A LIBRAS chega neste momento para situar os hemisférios da sociedade em construção, integrando a vida do ouvinte e do surdo, numa perspectiva em que não se deve enaltecer o desastre nem o desespero por ser ouvinte dos gritos, das guerras, das multidões, de verbos que torcem nossos sentimentos calejados de abandono e miséria humana mundial.

É no silêncio dos gestos que nos encontramos para aprender o essencial da comunicação, a expressão sincera do olhar, a leveza das formas que classifica cada ato como verdade absoluta e que se não percebida, apreendida e reconstruída de significados sociais e sentidos pessoais, se esquece.

A Língua Brasileira de Sinais está oficializada no Brasil desde o início do século e regulamentada pelo Decreto 5626 em 2005. Deve ser falada em todos os ambientes escolares, empresariais, universidades e espaços públicos e oferecida à toda a população como modalidade bilíngüe: LIBRAS e Língua Portuguesa (LP), pois assim marcaríamos nosso século com significado de multiculturalidade, respeito e dignidade humana.

Mas por onde está o movimento de universalização e reconhecimento da LIBRAS como língua nacional?

Muito mais ainda do que uma formação profissional que agrega valores quantitativos, a qualidade de vida e a humanização da relação interpessoal se solidificam ainda mais na formação humana e consciente de que à sociedade multicultural, é imprescindível a presença da diversidade em convivência e que se situe na inter-relação, harmônica e ética, entre surdos e ouvintes.

Este estudo tem como objetivo apresentar a LIBRAS como modalidade lingüística conceitual e pedagógica visando a interação intercultural, entre surdos e ouvintes, potencializando a comunicação bilíngüe na graduação e formação profissional.

Contexto Inclusivo em Pernambucano

Em Pernambuco , dos 948 mil alunos matriculados na Rede Pública, 8.845 pessoas apresentam alguma deficiência, o que não representa 1% do total das pessoas com deficiência. Deste montante, 1.560 apresentam deficiência auditiva. Mas os surdos não gostam de serem chamados assim. São pessoas que possuem a percepção de mundo diferente da dos ouvintes. São surdos, falam com as mãos e escutam com os olhos.

A educação de surdos em Pernambuco passa por significativas transformações no que se refere ao uso da LIBRAS em ambientes escolares desde a educação básica, ensino fundamental e médio, em atenção ao Decreto 5626/2005, respeitando a necessidade de disponibilizar o profissional Intérprete da Língua de Sinais – ILS em ambiente inclusivo, criação do curso técnico Tradutor Intérprete da Libras, ampliação da oferta de cursos de LIBRAS para a comunidade, entre outras ações que ainda se encontram em planejamento.

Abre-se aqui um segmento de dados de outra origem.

lemma not_depends_on_layer_ge_level:
  assumes "level I cs a \<le> i"
  shows "\<not> depends_on I a (layer cs i)"
proof -
  have "\<forall>i\<ge>level I cs a. \<not> depends_on I a (layer cs i)"
    unfolding level_def by (rule LeastI[of _ "length cs"]) (simp add: layer_def)
  with assms show ?thesis
    by blast
qed

lemma depends_on_layer_below_level:
  assumes "0 < level I cs a"
  shows "depends_on I a (layer cs (level I cs a - 1))"
proof -
  have "\<not> (\<forall>i\<ge>level I cs a - 1. \<not> depends_on I a (layer cs i))"
    using assms unfolding level_def by (intro not_less_Least) simp
  then obtain i where "level I cs a - 1 \<le> i" "depends_on I a (layer cs i)"
    by blast
  moreover have "\<not> level I cs a \<le> i"
    using not_depends_on_layer_ge_level[of I cs a i] \<open>depends_on I a (layer cs i)\<close> by blast
  ultimately have "i = level I cs a - 1"
    by linarith
  with \<open>depends_on I a (layer cs i)\<close> show ?thesis
    by simp
qed

lemma level_eqI:
  assumes "\<And>i. k \<le> i \<Longrightarrow> \<not> depends_on I a (layer cs i)"
    and "0 < k \<Longrightarrow> depends_on I a (layer cs (k - 1))"
  shows "level I cs a = k"
  unfolding level_def
proof (rule Least_equality)
  fix l assume l: "\<forall>i\<ge>l. \<not> depends_on I a (layer cs i)"
  show "k \<le> l"
  proof (rule ccontr)
    assume "\<not> k \<le> l"
    then have "0 < k" "l \<le> k - 1"
      by auto
    with l assms(2) show False
      by blast
  qed
qed (use assms(1) in blast)

lemma length_foata_ins: "length (foata_ins I cs a) = max (length cs) (Suc (level I cs a))"
  using level_le_length[of I cs a] by (auto simp: foata_ins_def)

lemma foata_ins_ne: "foata_ins I cs a \<noteq> []"
  using length_foata_ins[of I cs a] by auto

lemma layer_foata_ins:
  "layer (foata_ins I cs a) i = (if i = level I cs a then insert a (layer cs i) else layer cs i)"
  using level_le_length[of I cs a] by (auto simp: foata_ins_def layer_def nth_append)

lemma level_foata_ins_independent:
  assumes "(a, b) \<in> I"
  shows "level I (foata_ins I cs a) b = level I cs b"
proof -
  have "depends_on I b (layer (foata_ins I cs a) i) \<longleftrightarrow> depends_on I b (layer cs i)" for i
    using assms by (auto simp: layer_foata_ins depends_on_def)
  then show ?thesis
    by (simp add: level_def)
qed

lemma foata_ins_commute:
  assumes "(a, b) \<in> I" "(b, a) \<in> I"
  shows "foata_ins I (foata_ins I cs a) b = foata_ins I (foata_ins I cs b) a"
  by (rule list_eq_layersI)
    (auto simp: length_foata_ins layer_foata_ins level_foata_ins_independent assms)

lemma foata_append: "foata I (u @ v) = foldl (foata_ins I) (foata I u) v"
  by (simp add: foata_def)

lemma foata_teq: "sym I \<Longrightarrow> teq I u v \<Longrightarrow> foata I u = foata I v"
  by (erule teq_invariant) (simp add: foata_append foata_ins_commute sym_def)

lemma Union_set_foata_ins: "\<Union>(set (foata_ins I cs a)) = insert a (\<Union>(set cs))"
  unfolding Union_set_eq_layers layer_foata_ins by (auto split: if_splits) metis

lemma Union_set_foata: "\<Union>(set (foata I w)) = set w"
  by (induction w rule: rev_induct) (simp_all add: foata_def Union_set_foata_ins)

Atrelado as diversas ações inclusivas, percebemos a necessidade do ensino da LIBRAS para ouvintes como proposta universal do conhecimento dentro das próprias instituições, responsável pela formação destes educadores. No ano de 2004 estruturamos uma turma para 25 acadêmicos oriundos da escola pública, vinculados ao Programa Conexões de Saberes, MEC/SECAD/UFPE. Em virtude da repercussão da proposta, obtivemos em 10 dias, a inscrição de 900 pessoas, necessitando trocar de sala de aula comum, para 4 auditórios com capacidade de 200 pessoas cada. Este fato confirmou a necessidade e interesse, por parte da população acadêmica de diversas instituições de Ensino Superior de Pernambuco, em adquirir os conhecimentos básicos da LIBRAS. Neste segundo ano de intervenção, ultrapassamos 1500 pessoas bilíngües, para tanto, percebemos a necessidade de formalizar esta metodologia através de um Manual de Ensino da LIBRAS para que outras pessoas também possam se valer desta metodologia para apresentar a LIBRAS em outros espaços.

Contexto Histórico e Reflexivo da Pessoa Surda

No período anterior a 1750, os surdos viviam na marginalidade. A incapacidade para o desenvolvimento da fala e conseqüente impossibilidade de comunicação oral e por não manterem contato com outros surdos, eles eram tidos como loucos, môcos, agressivos, enfim, incapazes de se comunicarem, de terem seus direitos civis e sociais respeitados.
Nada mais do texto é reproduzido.